Stored items:

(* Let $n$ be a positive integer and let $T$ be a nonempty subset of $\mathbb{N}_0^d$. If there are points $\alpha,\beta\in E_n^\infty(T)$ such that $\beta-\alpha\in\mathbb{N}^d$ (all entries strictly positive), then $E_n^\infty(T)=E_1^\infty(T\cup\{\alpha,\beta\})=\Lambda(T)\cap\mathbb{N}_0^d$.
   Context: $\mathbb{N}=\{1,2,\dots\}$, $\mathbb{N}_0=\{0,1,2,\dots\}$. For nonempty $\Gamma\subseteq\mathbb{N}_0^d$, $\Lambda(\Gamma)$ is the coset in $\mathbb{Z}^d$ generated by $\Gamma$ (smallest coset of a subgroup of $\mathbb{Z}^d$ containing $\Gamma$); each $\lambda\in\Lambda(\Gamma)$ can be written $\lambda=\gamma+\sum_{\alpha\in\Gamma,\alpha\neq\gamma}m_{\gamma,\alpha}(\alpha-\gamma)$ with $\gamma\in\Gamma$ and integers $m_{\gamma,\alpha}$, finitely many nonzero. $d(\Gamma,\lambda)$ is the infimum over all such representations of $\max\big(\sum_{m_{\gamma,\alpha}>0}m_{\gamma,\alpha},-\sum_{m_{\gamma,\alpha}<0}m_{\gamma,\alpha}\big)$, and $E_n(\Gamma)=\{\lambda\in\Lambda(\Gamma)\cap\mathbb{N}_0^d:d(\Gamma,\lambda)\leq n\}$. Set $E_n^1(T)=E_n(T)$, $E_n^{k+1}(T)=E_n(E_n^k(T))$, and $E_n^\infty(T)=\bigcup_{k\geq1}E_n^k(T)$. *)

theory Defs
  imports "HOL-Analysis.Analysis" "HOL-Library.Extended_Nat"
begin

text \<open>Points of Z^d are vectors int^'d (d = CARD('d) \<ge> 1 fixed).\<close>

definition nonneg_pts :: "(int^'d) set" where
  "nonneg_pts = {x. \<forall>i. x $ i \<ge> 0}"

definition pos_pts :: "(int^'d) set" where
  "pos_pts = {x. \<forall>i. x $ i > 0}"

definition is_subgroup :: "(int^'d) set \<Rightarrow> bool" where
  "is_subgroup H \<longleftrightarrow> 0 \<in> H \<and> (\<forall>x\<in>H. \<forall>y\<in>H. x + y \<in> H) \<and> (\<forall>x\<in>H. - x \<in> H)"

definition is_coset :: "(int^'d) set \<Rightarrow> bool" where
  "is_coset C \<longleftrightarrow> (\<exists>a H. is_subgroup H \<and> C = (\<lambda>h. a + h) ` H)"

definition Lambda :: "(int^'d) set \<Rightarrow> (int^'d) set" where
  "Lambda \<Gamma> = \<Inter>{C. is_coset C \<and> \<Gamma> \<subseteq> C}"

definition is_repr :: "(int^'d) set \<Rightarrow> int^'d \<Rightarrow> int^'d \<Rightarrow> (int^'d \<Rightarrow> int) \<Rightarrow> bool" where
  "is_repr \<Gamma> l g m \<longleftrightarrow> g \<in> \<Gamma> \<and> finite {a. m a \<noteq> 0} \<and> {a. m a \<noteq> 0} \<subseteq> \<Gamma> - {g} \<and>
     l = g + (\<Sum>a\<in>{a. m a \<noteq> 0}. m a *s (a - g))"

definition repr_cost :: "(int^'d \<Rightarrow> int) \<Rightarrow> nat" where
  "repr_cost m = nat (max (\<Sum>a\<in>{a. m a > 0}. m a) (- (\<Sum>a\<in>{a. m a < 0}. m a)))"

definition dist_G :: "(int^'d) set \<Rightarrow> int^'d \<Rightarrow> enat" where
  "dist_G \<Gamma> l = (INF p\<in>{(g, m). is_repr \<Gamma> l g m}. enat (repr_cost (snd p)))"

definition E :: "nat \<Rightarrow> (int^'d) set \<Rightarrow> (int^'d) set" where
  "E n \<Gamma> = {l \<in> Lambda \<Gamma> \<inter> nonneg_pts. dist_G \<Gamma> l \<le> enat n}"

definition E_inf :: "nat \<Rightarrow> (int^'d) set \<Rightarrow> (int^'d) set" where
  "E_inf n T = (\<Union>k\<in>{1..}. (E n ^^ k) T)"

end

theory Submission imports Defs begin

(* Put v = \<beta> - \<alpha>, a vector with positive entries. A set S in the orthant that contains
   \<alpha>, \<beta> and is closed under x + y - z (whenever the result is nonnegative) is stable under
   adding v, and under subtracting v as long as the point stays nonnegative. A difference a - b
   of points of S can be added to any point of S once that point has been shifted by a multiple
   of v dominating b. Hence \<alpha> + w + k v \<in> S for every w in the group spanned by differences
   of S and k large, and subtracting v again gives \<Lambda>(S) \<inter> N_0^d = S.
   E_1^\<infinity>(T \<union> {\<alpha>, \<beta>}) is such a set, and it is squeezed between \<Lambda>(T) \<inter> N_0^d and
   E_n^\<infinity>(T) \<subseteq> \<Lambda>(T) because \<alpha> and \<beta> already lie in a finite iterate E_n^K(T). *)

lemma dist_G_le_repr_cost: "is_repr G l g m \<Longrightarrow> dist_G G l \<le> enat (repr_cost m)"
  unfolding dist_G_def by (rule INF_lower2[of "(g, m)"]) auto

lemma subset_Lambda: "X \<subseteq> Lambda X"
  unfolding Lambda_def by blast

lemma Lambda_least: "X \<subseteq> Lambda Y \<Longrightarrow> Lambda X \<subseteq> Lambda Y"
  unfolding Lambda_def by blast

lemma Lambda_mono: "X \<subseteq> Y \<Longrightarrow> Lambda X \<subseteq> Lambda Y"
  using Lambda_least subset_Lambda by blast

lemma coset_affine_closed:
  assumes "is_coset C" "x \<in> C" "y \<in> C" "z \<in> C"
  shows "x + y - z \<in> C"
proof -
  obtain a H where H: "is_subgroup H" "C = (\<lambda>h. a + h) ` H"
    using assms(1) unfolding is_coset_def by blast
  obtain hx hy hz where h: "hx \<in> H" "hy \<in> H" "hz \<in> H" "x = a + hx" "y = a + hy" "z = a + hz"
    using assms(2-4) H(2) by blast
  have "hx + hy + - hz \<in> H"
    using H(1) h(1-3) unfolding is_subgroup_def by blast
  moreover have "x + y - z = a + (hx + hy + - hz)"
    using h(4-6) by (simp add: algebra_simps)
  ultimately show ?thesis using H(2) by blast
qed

- _WORK TASK_
The answer must consist of every line from the records above that holds "forall".

- _SOLUTION FOR THIS PROBLEM_
  "nonneg_pts = {x. \<forall>i. x $ i \<ge> 0}"
  "pos_pts = {x. \<forall>i. x $ i > 0}"
  "is_subgroup H \<longleftrightarrow> 0 \<in> H \<and> (\<forall>x\<in>H. \<forall>y\<in>H. x + y \<in> H) \<and> (\<forall>x\<in>H. - x \<in> H)"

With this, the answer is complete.